The game moved on down the field as the herd of kids followed the soccer ball, and I staggered to my feet, determined not to cry in front of everyone in my class. Another student asked me if I was ok, and I tried to say yes, but all I could do was make a weird guttural noise. This freaked her out almost as much as it freaked me out and she ran and got the teacher. I ended up having to lie down on my back on the ground while the PE coach pumped my legs to get air back in my lungs. So at the age of eight, I got a vivid realization of exactly what it mean to have "the wind knocked out of you."

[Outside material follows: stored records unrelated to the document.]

lemma affine_relation:
  fixes p :: "'i \<Rightarrow> 'a::euclidean_space"
  assumes "finite K" "card K \<ge> DIM('a) + 2"
  obtains l where "\<exists>i\<in>K. l i \<noteq> 0" "sum l K = 0" "(\<Sum>i\<in>K. l i *\<^sub>R p i) = 0"
proof -
  have "card K > DIM(real \<times> 'a)"
    using assms(2) by simp
  then obtain l where l: "\<exists>i\<in>K. l i \<noteq> 0" "(\<Sum>i\<in>K. l i *\<^sub>R (1 :: real, p i)) = 0"
    using nontrivial_linear_relation[OF assms(1), of "\<lambda>i. (1 :: real, p i)"] by blast
  moreover have "sum l K = 0"
    using arg_cong[OF l(2), of fst] by (simp add: fst_sum)
  moreover have "(\<Sum>i\<in>K. l i *\<^sub>R p i) = 0"
    using arg_cong[OF l(2), of snd] by (simp add: snd_sum)
  ultimately show thesis
    using that by blast
qed

text \<open>The power of a point x with respect to the sphere with centre c and radius r is
  (norm (x - c))^2 - r^2.\<close>

lemma power_combination_constant:
  fixes c :: "'i \<Rightarrow> 'a::real_inner"
  assumes "sum l K = 0" "(\<Sum>i\<in>K. l i *\<^sub>R c i) = 0"
  shows "(\<Sum>i\<in>K. l i * ((norm (x - c i))\<^sup>2 - (r i)\<^sup>2))
       = (\<Sum>i\<in>K. l i * ((norm (c i))\<^sup>2 - (r i)\<^sup>2))"
proof -
  have "l i * ((norm (x - c i))\<^sup>2 - (r i)\<^sup>2)
      = l i * (x \<bullet> x) - 2 * (x \<bullet> (l i *\<^sub>R c i)) + l i * ((norm (c i))\<^sup>2 - (r i)\<^sup>2)" for i
    by (simp add: power2_norm_eq_inner inner_diff_left inner_diff_right inner_commute algebra_simps)
  then have "(\<Sum>i\<in>K. l i * ((norm (x - c i))\<^sup>2 - (r i)\<^sup>2))
      = sum l K * (x \<bullet> x) - 2 * (x \<bullet> (\<Sum>i\<in>K. l i *\<^sub>R c i))
        + (\<Sum>i\<in>K. l i * ((norm (c i))\<^sup>2 - (r i)\<^sup>2))"
    by (simp add: sum.distrib sum_subtractf sum_distrib_left sum_distrib_right inner_sum_right)
  then show ?thesis
    using assms by simp
qed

Fast forward twenty years and I have pretty much managed to avoid soccer fields and other kicking-related sports that might put me in danger of reliving that experience. Between Jazzercise and Pilates and beginner yoga, I sometimes like to imagine that I have pretty good balance and that my agility and coordination have improved since I was a spastic little eight year old. Sure, the sidewalk can still sneak up on me sometimes, but for the most part I am capable of functioning in day to day life without putting myself in danger of having the wind knocked out of me.

Or so I thought.

Friday was a busy day. I taught my final class on the history of the British novel. I scurried over to the other campus to meet with my advisor, and then meet with a student. The department holiday party was that afternoon, and before I knew it, I was on the train heading home with not much time left before I needed to be changed and ready to go to the Christmas party we were attending that night. And I still had gifts to wrap and a cheeseball to make!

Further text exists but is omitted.